[Assignment] Nothing but a number should be written: the count of lines below that contain "there".

* * * * * * * * *

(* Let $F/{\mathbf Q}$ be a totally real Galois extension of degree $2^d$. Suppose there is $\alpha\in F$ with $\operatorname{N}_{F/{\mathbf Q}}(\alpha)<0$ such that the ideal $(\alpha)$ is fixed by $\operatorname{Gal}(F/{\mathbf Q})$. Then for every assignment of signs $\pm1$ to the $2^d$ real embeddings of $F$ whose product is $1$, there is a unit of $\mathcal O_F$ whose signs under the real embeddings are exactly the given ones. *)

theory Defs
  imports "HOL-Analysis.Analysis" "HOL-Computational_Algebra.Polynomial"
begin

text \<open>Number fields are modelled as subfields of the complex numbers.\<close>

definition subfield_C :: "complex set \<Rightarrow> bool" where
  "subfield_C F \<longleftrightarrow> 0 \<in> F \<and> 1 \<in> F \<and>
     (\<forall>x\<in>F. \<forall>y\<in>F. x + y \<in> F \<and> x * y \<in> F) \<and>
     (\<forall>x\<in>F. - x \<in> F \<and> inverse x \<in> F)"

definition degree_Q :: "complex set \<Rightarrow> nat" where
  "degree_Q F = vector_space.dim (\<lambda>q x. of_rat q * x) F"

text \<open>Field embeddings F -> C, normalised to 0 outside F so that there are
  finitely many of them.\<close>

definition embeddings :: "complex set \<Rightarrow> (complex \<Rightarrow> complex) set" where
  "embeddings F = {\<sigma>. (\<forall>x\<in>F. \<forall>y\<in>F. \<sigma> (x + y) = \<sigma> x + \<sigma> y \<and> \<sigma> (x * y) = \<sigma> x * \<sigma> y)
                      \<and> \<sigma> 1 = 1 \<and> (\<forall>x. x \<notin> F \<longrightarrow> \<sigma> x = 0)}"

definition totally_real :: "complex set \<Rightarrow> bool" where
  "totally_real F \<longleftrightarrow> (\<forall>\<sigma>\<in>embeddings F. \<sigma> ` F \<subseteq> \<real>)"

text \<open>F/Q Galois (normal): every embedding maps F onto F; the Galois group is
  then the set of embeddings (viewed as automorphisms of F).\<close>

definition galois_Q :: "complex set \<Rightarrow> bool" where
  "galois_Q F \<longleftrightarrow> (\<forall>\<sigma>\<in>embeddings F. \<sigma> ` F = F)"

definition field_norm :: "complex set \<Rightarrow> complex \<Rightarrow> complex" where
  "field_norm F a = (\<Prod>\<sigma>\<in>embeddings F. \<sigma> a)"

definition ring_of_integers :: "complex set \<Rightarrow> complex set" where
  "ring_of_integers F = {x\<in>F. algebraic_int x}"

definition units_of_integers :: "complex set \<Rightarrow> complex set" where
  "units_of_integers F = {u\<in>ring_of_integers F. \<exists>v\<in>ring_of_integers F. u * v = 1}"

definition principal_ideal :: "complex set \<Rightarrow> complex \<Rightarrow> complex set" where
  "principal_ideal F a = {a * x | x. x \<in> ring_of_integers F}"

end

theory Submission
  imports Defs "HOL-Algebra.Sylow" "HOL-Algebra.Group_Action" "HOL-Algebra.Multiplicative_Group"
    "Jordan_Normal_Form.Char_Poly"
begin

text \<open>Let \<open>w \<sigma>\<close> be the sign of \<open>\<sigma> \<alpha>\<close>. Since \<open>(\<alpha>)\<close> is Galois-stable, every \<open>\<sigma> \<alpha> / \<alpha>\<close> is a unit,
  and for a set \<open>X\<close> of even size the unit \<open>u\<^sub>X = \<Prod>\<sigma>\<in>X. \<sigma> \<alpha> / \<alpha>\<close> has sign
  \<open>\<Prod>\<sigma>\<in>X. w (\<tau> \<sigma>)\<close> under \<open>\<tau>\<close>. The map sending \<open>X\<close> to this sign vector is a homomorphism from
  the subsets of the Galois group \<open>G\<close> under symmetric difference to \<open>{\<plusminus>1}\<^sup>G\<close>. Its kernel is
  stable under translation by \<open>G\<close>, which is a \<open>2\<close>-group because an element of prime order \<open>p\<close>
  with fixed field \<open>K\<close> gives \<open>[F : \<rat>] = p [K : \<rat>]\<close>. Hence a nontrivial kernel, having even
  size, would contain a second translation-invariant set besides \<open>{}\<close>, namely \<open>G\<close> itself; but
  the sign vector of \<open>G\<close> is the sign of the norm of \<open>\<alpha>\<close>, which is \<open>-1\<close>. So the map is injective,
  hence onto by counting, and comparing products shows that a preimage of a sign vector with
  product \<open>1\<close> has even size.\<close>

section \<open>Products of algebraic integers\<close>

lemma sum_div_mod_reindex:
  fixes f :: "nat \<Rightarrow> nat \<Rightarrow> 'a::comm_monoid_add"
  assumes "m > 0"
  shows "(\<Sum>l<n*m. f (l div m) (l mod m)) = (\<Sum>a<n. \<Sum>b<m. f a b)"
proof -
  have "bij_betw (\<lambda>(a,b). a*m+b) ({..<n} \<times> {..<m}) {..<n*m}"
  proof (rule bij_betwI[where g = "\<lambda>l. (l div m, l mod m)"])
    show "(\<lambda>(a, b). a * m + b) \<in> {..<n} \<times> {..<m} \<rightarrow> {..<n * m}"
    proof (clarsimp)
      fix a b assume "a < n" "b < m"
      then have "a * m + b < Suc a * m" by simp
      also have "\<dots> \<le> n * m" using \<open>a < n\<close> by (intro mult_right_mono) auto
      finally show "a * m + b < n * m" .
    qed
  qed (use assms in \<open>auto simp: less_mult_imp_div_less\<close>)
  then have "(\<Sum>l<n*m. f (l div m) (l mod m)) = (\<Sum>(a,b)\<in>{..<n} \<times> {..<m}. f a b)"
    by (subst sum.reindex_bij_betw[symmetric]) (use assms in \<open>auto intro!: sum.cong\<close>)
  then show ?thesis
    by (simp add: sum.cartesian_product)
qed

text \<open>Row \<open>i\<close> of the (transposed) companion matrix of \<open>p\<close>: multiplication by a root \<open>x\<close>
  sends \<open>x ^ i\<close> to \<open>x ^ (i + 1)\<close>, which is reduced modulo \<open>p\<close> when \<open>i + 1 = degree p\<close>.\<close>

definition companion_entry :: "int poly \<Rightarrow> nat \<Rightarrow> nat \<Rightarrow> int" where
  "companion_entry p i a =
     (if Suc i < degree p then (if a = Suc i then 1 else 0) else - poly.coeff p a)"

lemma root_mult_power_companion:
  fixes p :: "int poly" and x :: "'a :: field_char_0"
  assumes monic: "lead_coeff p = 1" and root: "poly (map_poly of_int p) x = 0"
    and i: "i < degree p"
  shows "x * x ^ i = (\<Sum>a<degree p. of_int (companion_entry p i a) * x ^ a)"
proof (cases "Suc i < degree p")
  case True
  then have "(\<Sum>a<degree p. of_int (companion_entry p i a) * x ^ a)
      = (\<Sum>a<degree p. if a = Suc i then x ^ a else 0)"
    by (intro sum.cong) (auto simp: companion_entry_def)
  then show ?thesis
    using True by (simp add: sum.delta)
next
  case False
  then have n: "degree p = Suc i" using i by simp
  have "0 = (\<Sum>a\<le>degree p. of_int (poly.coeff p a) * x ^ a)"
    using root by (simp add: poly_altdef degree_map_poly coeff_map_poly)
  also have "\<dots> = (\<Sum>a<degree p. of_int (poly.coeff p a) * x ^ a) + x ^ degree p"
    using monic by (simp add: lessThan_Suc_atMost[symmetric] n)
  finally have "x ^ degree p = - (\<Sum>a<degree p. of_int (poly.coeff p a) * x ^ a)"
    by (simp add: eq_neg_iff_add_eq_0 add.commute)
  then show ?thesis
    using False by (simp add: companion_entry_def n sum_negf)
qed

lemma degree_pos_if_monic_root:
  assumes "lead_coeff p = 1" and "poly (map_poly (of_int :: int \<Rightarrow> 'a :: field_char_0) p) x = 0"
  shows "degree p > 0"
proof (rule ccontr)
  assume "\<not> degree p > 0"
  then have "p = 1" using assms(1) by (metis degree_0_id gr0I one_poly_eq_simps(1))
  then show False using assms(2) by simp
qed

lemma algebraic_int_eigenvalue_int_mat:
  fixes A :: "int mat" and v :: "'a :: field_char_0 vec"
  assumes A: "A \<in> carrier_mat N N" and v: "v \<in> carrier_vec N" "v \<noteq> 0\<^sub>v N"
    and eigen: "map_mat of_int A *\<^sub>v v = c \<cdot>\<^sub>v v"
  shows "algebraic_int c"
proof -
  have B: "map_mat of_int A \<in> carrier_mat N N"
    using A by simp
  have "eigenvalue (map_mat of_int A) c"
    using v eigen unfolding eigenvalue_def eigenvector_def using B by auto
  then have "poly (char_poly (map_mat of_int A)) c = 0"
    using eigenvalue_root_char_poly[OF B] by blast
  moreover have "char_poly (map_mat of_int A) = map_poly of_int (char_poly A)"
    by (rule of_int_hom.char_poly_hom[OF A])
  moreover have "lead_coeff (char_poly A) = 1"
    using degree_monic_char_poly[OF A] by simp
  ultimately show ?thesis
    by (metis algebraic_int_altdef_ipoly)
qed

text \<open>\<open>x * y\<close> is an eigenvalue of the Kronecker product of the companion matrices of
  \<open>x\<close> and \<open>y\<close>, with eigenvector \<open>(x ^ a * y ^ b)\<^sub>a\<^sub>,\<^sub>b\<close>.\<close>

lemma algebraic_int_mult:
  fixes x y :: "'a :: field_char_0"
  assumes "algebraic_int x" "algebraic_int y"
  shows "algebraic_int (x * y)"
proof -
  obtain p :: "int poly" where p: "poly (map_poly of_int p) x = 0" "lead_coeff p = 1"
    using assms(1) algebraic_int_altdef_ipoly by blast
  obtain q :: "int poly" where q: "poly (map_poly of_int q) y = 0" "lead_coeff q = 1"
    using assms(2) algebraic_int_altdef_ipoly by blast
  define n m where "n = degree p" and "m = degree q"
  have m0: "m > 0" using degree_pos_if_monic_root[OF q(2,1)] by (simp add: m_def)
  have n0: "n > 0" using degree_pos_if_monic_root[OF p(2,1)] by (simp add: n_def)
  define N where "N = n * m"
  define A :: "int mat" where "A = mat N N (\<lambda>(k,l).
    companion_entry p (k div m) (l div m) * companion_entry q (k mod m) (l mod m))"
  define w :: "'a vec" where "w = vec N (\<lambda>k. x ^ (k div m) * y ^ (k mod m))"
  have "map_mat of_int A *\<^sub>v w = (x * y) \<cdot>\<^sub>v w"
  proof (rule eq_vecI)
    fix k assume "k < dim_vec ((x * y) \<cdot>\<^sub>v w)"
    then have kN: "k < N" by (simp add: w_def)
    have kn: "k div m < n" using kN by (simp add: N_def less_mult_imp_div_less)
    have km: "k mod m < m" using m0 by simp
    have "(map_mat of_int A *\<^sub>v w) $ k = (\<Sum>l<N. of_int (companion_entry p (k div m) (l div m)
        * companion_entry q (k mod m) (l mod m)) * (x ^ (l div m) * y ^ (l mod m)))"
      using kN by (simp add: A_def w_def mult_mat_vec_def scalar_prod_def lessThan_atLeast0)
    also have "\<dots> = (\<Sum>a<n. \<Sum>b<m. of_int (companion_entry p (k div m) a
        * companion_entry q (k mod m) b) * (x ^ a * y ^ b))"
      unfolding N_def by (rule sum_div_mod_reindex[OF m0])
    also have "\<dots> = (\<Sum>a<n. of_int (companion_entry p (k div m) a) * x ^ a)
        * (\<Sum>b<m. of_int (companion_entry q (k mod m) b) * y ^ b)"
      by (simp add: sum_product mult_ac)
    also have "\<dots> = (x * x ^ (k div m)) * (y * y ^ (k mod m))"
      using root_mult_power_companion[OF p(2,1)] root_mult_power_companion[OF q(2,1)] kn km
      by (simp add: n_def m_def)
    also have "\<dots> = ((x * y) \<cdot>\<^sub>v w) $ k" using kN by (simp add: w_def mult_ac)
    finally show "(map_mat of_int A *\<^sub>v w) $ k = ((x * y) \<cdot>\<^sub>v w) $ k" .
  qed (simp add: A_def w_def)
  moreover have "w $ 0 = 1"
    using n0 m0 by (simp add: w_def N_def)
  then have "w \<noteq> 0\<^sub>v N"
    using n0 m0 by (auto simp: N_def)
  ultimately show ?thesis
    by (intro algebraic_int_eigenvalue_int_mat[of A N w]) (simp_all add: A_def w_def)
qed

* * * * * * * * *

[Answer section] 2